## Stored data
BEGIN

lemma beta_mult_norm_le:
  fixes A :: "'a::real_normed_field^'n^'m"
  assumes "card_nz v \<le> k"
  shows "beta A k * norm v \<le> norm (A *v v)"
proof (cases "v = 0")
  case False
  have "bdd_below {norm (A *v x) / norm x | x. x \<noteq> 0 \<and> card_nz x \<le> k}"
    by (rule bdd_belowI[of _ 0]) auto
  then have "beta A k \<le> norm (A *v v) / norm v"
    unfolding beta_def using False assms by (intro cInf_lower) auto
  then show ?thesis
    using False by (simp add: field_simps)
qed simp

lemma indep_cols_if_beta_pos:
  fixes A :: "'a::real_normed_field^'n^'m"
  assumes "beta A (card S) > 0"
  shows "indep_cols A S"
  unfolding indep_cols_def
proof (intro allI impI)
  fix v :: "'a^'n"
  assume "supp v \<subseteq> S" and "A *v v = 0"
  then have "beta A (card S) * norm v \<le> 0"
    using beta_mult_norm_le[of v "card S" A] by (simp add: card_nz_def card_mono)
  with assms show "v = 0"
    by (simp add: mult_le_0_iff)
qed

section \<open>Lower bounds for the quadratic envelope\<close>

lemma sum_power2_le_power2_sum:
  fixes f :: "'b \<Rightarrow> real"
  assumes "\<And>i. i \<in> A \<Longrightarrow> 0 \<le> f i"
  shows "(\<Sum>i\<in>A. (f i)^2) \<le> (sum f A)^2"
proof -
  have "L2_set f A \<le> sum f A"
    using assms by (rule L2_set_le_sum)
  then have "(L2_set f A)^2 \<le> (sum f A)^2"
    by (simp add: power_mono L2_set_nonneg)
  then show ?thesis
    by (simp add: L2_set_def sum_nonneg)
qed

lemma mean_square_excess_eq:
  fixes a :: "'b \<Rightarrow> real"
  assumes "finite B" "B \<noteq> {}"
  shows "(1 / card B) * (sum a B + T)^2 - (\<Sum>j\<in>B. (a j)^2)
    = 2 * M * T + (T - (\<Sum>j\<in>B. M - a j))^2 / card B - (\<Sum>j\<in>B. (M - a j)^2)"
proof -
  have k: "real (card B) > 0"
    using assms by (simp add: card_gt_0_iff)
  have excess: "(\<Sum>j\<in>B. M - a j) = card B * M - sum a B"
    by (simp add: sum_subtractf)
  have excess_sq: "(\<Sum>j\<in>B. (M - a j)^2) = card B * M^2 - 2 * M * sum a B + (\<Sum>j\<in>B. (a j)^2)"
    by (simp add: power2_diff sum.distrib sum_subtractf sum_distrib_left)
  show ?thesis
    unfolding excess excess_sq using k by (simp add: field_simps power2_eq_square)
qed

text \<open>With the deficit \<open>D = (\<Sum>j\<in>B. M - a j)\<close>, \<open>Q\<close> equals
  \<open>2 M T + (T - D)\<^sup>2 / |B| - (\<Sum>j\<in>B. (M - a j)\<^sup>2) - (\<Sum>j\<in>C. (a j)\<^sup>2)\<close>, and the mean
  condition says exactly \<open>D \<le> T\<close>.\<close>

lemma block_Q2_bounds:
  fixes a :: "'b \<Rightarrow> real"
  assumes B: "finite B" "B \<noteq> {}" and C: "finite C" "B \<inter> C = {}"
    and block: "\<And>j. j \<in> B \<Longrightarrow> a j \<le> M"
    and mean: "real (card B) * M \<le> sum a (B \<union> C)"
    and tail: "\<And>j. j \<in> C \<Longrightarrow> 0 \<le> a j \<and> a j \<le> \<tau>"
  defines "T \<equiv> sum a C"
    and "Q \<equiv> (1 / card B) * (sum a (B \<union> C))^2 - (\<Sum>j\<in>B \<union> C. (a j)^2)"
  shows "T * (2 * M - T - \<tau>) \<le> Q" and "T = 0 \<Longrightarrow> Q \<le> 0"
proof -
  define D where "D = (\<Sum>j\<in>B. M - a j)"
  define E where "E = (\<Sum>j\<in>B. (M - a j)^2)"
  define F where "F = (\<Sum>j\<in>C. (a j)^2)"
  have "Q = (1 / card B) * (sum a B + T)^2 - (\<Sum>j\<in>B. (a j)^2) - F"
    using B C by (simp add: Q_def T_def F_def sum.union_disjoint)
  then have Q: "Q = 2 * M * T + (T - D)^2 / card B - E - F"
    using mean_square_excess_eq[OF B, of a T M] by (simp add: D_def E_def)
  have T: "0 \<le> T"
    unfolding T_def using tail by (simp add: sum_nonneg)
  have D: "0 \<le> D" "D \<le> T"
  proof -
    show "0 \<le> D"
      unfolding D_def using block by (simp add: sum_nonneg)
    show "D \<le> T"
      using mean B C by (simp add: D_def T_def sum_subtractf sum.union_disjoint)
  qed
  have E: "0 \<le> E" "E \<le> D^2"
    using block by (simp_all add: E_def D_def sum_nonneg sum_power2_le_power2_sum)
  have F: "0 \<le> F" "F \<le> \<tau> * T"
  proof -
    have "F \<le> (\<Sum>j\<in>C. \<tau> * a j)"
      unfolding F_def using tail by (intro sum_mono) (simp add: power2_eq_square mult_right_mono)
    then show "F \<le> \<tau> * T"
      by (simp add: sum_distrib_left T_def)
  qed (simp add: F_def sum_nonneg)
  have "D^2 \<le> T^2"
    using D by (simp add: power_mono)
  moreover have "T * (2 * M - T - \<tau>) = 2 * M * T - T^2 - \<tau> * T"
    by (simp add: algebra_simps power2_eq_square)
  moreover have "0 \<le> (T - D)^2 / card B"
    by simp
  ultimately show "T * (2 * M - T - \<tau>) \<le> Q"
    using E F unfolding Q by linarith
  assume "T = 0"
  with D E F show "Q \<le> 0"
    unfolding Q by simp
qed

lemma antimono_seq_Q2_bounds:
  fixes a :: "nat \<Rightarrow> real"
  assumes k: "1 \<le> k" "k \<le> K" "K \<le> N"
    and antimono: "\<And>i j. 1 \<le> i \<Longrightarrow> i \<le> j \<Longrightarrow> j \<le> N \<Longrightarrow> a j \<le> a i"
    and nonneg: "\<And>j. 1 \<le> j \<Longrightarrow> j \<le> N \<Longrightarrow> 0 \<le> a j"
    and kcond: "real k * a (K + 1 - k) \<le> (\<Sum>j\<in>{K-k+1..N}. a j)"
    and tail: "\<And>j. K + 1 \<le> j \<Longrightarrow> j \<le> N \<Longrightarrow> a j \<le> \<tau>"
  defines "T \<equiv> \<Sum>j\<in>{K+1..N}. a j"
    and "Q \<equiv> (1 / real k) * (\<Sum>j\<in>{K-k+1..N}. a j)^2 - (\<Sum>j\<in>{K-k+1..N}. (a j)^2)"
  shows "T * (2 * a K - T - \<tau>) \<le> Q" and "T = 0 \<Longrightarrow> Q \<le> 0"
proof -
  have split: "{K-k+1..N} = {K-k+1..K} \<union> {K+1..N}"
    using k by auto
  have "card {K-k+1..K} = k"
    using k by simp
  note bounds = block_Q2_bounds[of "{K-k+1..K}" "{K+1..N}" a "a (K + 1 - k)" \<tau>,
      folded split T_def, unfolded this, folded Q_def]
  have "T * (2 * a K - T - \<tau>) \<le> T * (2 * a (K + 1 - k) - T - \<tau>)"
    using k antimono[of "K + 1 - k" K] nonneg
    by (intro mult_left_mono) (auto simp: T_def intro: sum_nonneg)
  also have "\<dots> \<le> Q"
    using k antimono nonneg kcond tail by (intro bounds(1)) auto
  finally show "T * (2 * a K - T - \<tau>) \<le> Q" .
  show "T = 0 \<Longrightarrow> Q \<le> 0"
    using k antimono nonneg kcond tail by (intro bounds(2)) auto
qed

END

## Task description
When you reach the line that contains "x. x \<noteq>", stop; output it and every line before it from the start of the data, exactly as written.

## Solution to this exercise
lemma beta_mult_norm_le:
  fixes A :: "'a::real_normed_field^'n^'m"
  assumes "card_nz v \<le> k"
  shows "beta A k * norm v \<le> norm (A *v v)"
proof (cases "v = 0")
  case False
  have "bdd_below {norm (A *v x) / norm x | x. x \<noteq> 0 \<and> card_nz x \<le> k}"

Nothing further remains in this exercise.